WORK INSTRUCTION: This task calls for copying each line below that contains "equiv".

────────────────────

lemma T_in: "0 \<le> t \<Longrightarrow> x \<in> C \<Longrightarrow> T t x \<in> C"
  using semigroup unfolding nonexp_semigroup_rep_def by blast

lemma T_nonexpansive: "0 \<le> t \<Longrightarrow> nonexpansive_on C (T t)"
  using semigroup unfolding nonexp_semigroup_rep_def by blast

lemma T_dist_le: "0 \<le> t \<Longrightarrow> x \<in> C \<Longrightarrow> y \<in> C \<Longrightarrow> dist (T t x) (T t y) \<le> dist x y"
  using T_nonexpansive unfolding nonexpansive_on_def by blast

lemma T_add: "0 \<le> s \<Longrightarrow> 0 \<le> t \<Longrightarrow> x \<in> C \<Longrightarrow> T (s + t) x = T s (T t x)"
  using semigroup unfolding nonexp_semigroup_rep_def by blast

lemma continuous_on_orbit: "x \<in> C \<Longrightarrow> continuous_on {0..} (\<lambda>t. T t x)"
  by (rule continuous_on_compact_weakly_continuous[OF compact_C]) (auto intro: T_in weakly_continuous)

lemma continuous_on_orbit_Icc: "x \<in> C \<Longrightarrow> 0 \<le> a \<Longrightarrow> continuous_on {a..b} (\<lambda>t. T t x)"
  by (rule continuous_on_subset[OF continuous_on_orbit]) auto

lemma integral_inner_orbit:
  assumes "x \<in> C" "0 < a"
  shows "integral {0..a} (\<lambda>t. inner (T t x) y) = a * inner (avg_integral T a x) y"
  using inner_avg_integral[where T = T and a = a and x = x and y = y] assms
  by (simp add: continuous_on_orbit_Icc)

lemma integrable_inner_orbit: "x \<in> C \<Longrightarrow> 0 \<le> a \<Longrightarrow> (\<lambda>t. inner (T t x) y) integrable_on {a..b}"
  by (intro integrable_continuous_interval continuous_intros continuous_on_orbit_Icc)

lemma avg_integral_in:
  assumes "0 < a" "x \<in> C"
  shows "avg_integral T a x \<in> C"
proof -
  let ?u = "avg_integral T a x"
  let ?c = "metric_proj C ?u"
  \<comment> \<open>The orbit lies in the half-space \<open>inner (y - c) (u - c) \<le> 0\<close>, hence so does its average \<open>u\<close>.\<close>
  have "integral {0..a} (\<lambda>t. inner (T t x - ?c) (?u - ?c)) \<le> integral {0..a} (\<lambda>t. 0)"
  proof (rule integral_le)
    show "(\<lambda>t. inner (T t x - ?c) (?u - ?c)) integrable_on {0..a}"
      using assms by (intro integrable_continuous_interval continuous_intros continuous_on_orbit_Icc) auto
    show "inner (T t x - ?c) (?u - ?c) \<le> 0" if "t \<in> {0..a}" for t
      using that assms metric_proj_dot[OF compact_C convex_C T_in, of t x ?u]
      by (simp add: inner_commute)
  qed (rule integrable_0)
  also have "integral {0..a} (\<lambda>t. inner (T t x - ?c) (?u - ?c))
      = integral {0..a} (\<lambda>t. inner (T t x) (?u - ?c)) - integral {0..a} (\<lambda>t. inner ?c (?u - ?c))"
    unfolding inner_diff_left using assms(2) by (intro integral_diff integrable_inner_orbit) auto
  also have "\<dots> = a * inner (?u - ?c) (?u - ?c)"
    using integral_inner_orbit[OF assms(2,1), of "?u - ?c"] assms(1)
    by (simp add: inner_diff_left algebra_simps)
  finally have "inner (?u - ?c) (?u - ?c) \<le> 0" using assms(1) by (simp add: mult_le_0_iff)
  then have "?u = ?c" by (metis inner_eq_zero_iff inner_ge_zero order_antisym right_minus_eq)
  then show ?thesis using metric_proj_in[OF compact_C C_nonempty] by metis
qed

lemma avg_integral_dist_le:
  assumes "0 < a" "x \<in> C" "y \<in> C"
  shows "dist (avg_integral T a x) (avg_integral T a y) \<le> dist x y"
proof -
  let ?d = "avg_integral T a x - avg_integral T a y"
  have "a * inner ?d ?d = integral {0..a} (\<lambda>t. inner (T t x) ?d) - integral {0..a} (\<lambda>t. inner (T t y) ?d)"
    using integral_inner_orbit[OF assms(2,1), of ?d] integral_inner_orbit[OF assms(3,1), of ?d]
    by (simp add: inner_diff_left right_diff_distrib)
  also have "\<dots> = integral {0..a} (\<lambda>t. inner (T t x - T t y) ?d)"
    unfolding inner_diff_left using assms(2,3) by (intro integral_diff[symmetric] integrable_inner_orbit) auto
  also have "\<dots> \<le> integral {0..a} (\<lambda>t. dist x y * norm ?d)"
  proof (rule integral_le)
    show "(\<lambda>t. inner (T t x - T t y) ?d) integrable_on {0..a}"
      using assms by (intro integrable_continuous_interval continuous_intros continuous_on_orbit_Icc) auto
    show "inner (T t x - T t y) ?d \<le> dist x y * norm ?d" if "t \<in> {0..a}" for t
    proof -
      have "inner (T t x - T t y) ?d \<le> norm (T t x - T t y) * norm ?d" by (rule norm_cauchy_schwarz)
      also have "\<dots> \<le> dist x y * norm ?d"
        using T_dist_le[of t x y] that assms by (intro mult_right_mono) (auto simp: dist_norm)
      finally show ?thesis .
    qed
  qed (rule integrable_const_ivl)
  also have "\<dots> = a * (dist x y * norm ?d)" using assms(1) by simp
  finally have "norm ?d * norm ?d \<le> dist x y * norm ?d"
    using assms(1) by (simp add: power2_eq_square[symmetric] power2_norm_eq_inner)
  then show ?thesis
    by (metis dist_norm mult_right_le_imp_le norm_ge_zero zero_less_norm_iff norm_zero zero_le_dist)
qed

abbreviation "Fix \<equiv> Fix_rep C T"

lemma Fix_subset: "Fix \<subseteq> C"
  by (auto simp: Fix_rep_def)

lemma compact_Fix: "compact Fix"
proof -
  have "closed {x \<in> C. T t x = x}" if "0 \<le> t" for t
    using compact_imp_closed[OF compact_C] T_nonexpansive[OF that] by (rule nonexpansive_on_fixpoints_closed)
  then show ?thesis unfolding Fix_rep_eq_Inter using compact_C by (intro compact_Int_closed closed_INT) auto
qed

lemma convex_Fix: "convex Fix"
  unfolding Fix_rep_eq_Inter
  using convex_C T_nonexpansive by (intro convex_Int convex_INT nonexpansive_on_fixpoints_convex) auto

lemma avg_integral_Fix:
  assumes "0 < a" "q \<in> Fix"
  shows "avg_integral T a q = q"
proof -
  have "integral {0..a} (\<lambda>t. inner (T t q) y) = integral {0..a} (\<lambda>t. inner q y)" for y
    using assms(2) by (intro integral_cong) (auto simp: Fix_rep_def)
  then have "inner (avg_integral T a q) y = inner q y" for y
    using integral_inner_orbit[of q a y] assms Fix_subset by auto
  then show ?thesis by (intro vector_eq_rdot[THEN iffD1]) auto
qed

lemma integrable_orbit_dist_power2:
  "x \<in> C \<Longrightarrow> 0 \<le> a \<Longrightarrow> (\<lambda>s. (norm (T s x - y))\<^sup>2) integrable_on {a..b}"
  by (intro integrable_continuous_interval continuous_intros continuous_on_orbit_Icc)

lemma integral_orbit_dist_power2:
  assumes "x \<in> C" "0 < a"
  defines "u \<equiv> avg_integral T a x"
  shows "integral {0..a} (\<lambda>s. (norm (T s x - y))\<^sup>2)
    = integral {0..a} (\<lambda>s. (norm (T s x - u))\<^sup>2) + a * (norm (u - y))\<^sup>2"
proof -
  have "(norm (T s x - y))\<^sup>2
      = (norm (T s x - u))\<^sup>2 + 2 * inner (T s x) (u - y) + ((norm (u - y))\<^sup>2 - 2 * inner u (u - y))" for s
    unfolding power2_norm_eq_inner by (simp add: inner_diff_left inner_diff_right inner_commute algebra_simps)
  then have "integral {0..a} (\<lambda>s. (norm (T s x - y))\<^sup>2)
      = integral {0..a} (\<lambda>s. (norm (T s x - u))\<^sup>2) + 2 * integral {0..a} (\<lambda>s. inner (T s x) (u - y))
        + a * ((norm (u - y))\<^sup>2 - 2 * inner u (u - y))"
    using assms(1,2)
    by (simp add: integral_add integrable_orbit_dist_power2 integrable_continuous_interval
        continuous_intros continuous_on_orbit_Icc)
  also have "integral {0..a} (\<lambda>s. inner (T s x) (u - y)) = a * inner u (u - y)"
    unfolding u_def by (rule integral_inner_orbit[OF assms(1,2)])
  finally show ?thesis by (simp add: algebra_simps)
qed

lemma integral_orbit_dist_power2_shift:
  assumes "x \<in> C" "u \<in> C" "0 \<le> h" "h \<le> a"
    and D: "\<And>p q. p \<in> C \<Longrightarrow> q \<in> C \<Longrightarrow> dist p q \<le> D"
  shows "integral {0..a} (\<lambda>s. (norm (T s x - T h u))\<^sup>2)
    \<le> h * D\<^sup>2 + integral {0..a} (\<lambda>s. (norm (T s x - u))\<^sup>2)"
proof -
  define \<phi> where "\<phi> y s = (norm (T s x - y))\<^sup>2" for y s
  have int: "\<phi> y integrable_on {p..q}" if "0 \<le> p" for y p q
    unfolding \<phi>_def using assms(1) that by (rule integrable_orbit_dist_power2)
  have "integral {0..h} (\<phi> (T h u)) \<le> integral {0..h} (\<lambda>s. D\<^sup>2)"
  proof (rule integral_le)
    show "\<phi> (T h u) s \<le> D\<^sup>2" if "s \<in> {0..h}" for s
      using D[OF T_in T_in, of s x h u] that assms unfolding \<phi>_def
      by (simp add: dist_norm power_mono)
  qed (use int in auto)
  moreover have "integral {h..a} (\<phi> (T h u)) \<le> integral {h..a} (\<lambda>s. \<phi> u (s - h))"
  proof (rule integral_le)
    show "(\<lambda>s. \<phi> u (s - h)) integrable_on {h..a}"
    proof -
      have "continuous_on {h..a} (\<lambda>s. T (s - h) x)"
        by (rule continuous_on_compose2[OF continuous_on_orbit[OF assms(1)]]) (auto intro!: continuous_intros)
      then show ?thesis unfolding \<phi>_def by (intro integrable_continuous_interval continuous_intros)
    qed
    show "\<phi> (T h u) s \<le> \<phi> u (s - h)" if "s \<in> {h..a}" for s
    proof -
      have "T s x = T h (T (s - h) x)" using T_add[of h "s - h" x] that assms by simp
      then show ?thesis
        using T_dist_le[OF assms(3) T_in assms(2), of "s - h" x] that assms unfolding \<phi>_def
        by (simp add: dist_norm power_mono)
    qed
  qed (use int assms in auto)
  moreover have "integral {h..a} (\<lambda>s. \<phi> u (s - h)) = integral {0..a - h} (\<phi> u)"
    using integral_shift_Icc_real[of h a "\<phi> u" "-h"] by (simp add: o_def)
  moreover have "integral {0..a - h} (\<phi> u) \<le> integral {0..a} (\<phi> u)"
  proof -
    have "0 \<le> integral {a - h..a} (\<phi> u)"
      using assms int by (intro integral_nonneg) (auto simp: \<phi>_def)
    then show ?thesis
      using Henstock_Kurzweil_Integration.integral_combine[of 0 "a - h" a "\<phi> u"] int[of 0] assms by simp
  qed
  moreover have "integral {0..a} (\<phi> (T h u)) = integral {0..h} (\<phi> (T h u)) + integral {h..a} (\<phi> (T h u))"
    using Henstock_Kurzweil_Integration.integral_combine[of 0 h a "\<phi> (T h u)"] int[of 0] assms by simp
  ultimately show ?thesis unfolding \<phi>_def using assms(3) by simp
qed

────────────────────

SOLUTION TO THE PROBLEM:
abbreviation "Fix \<equiv> Fix_rep C T"
  defines "u \<equiv> avg_integral T a x"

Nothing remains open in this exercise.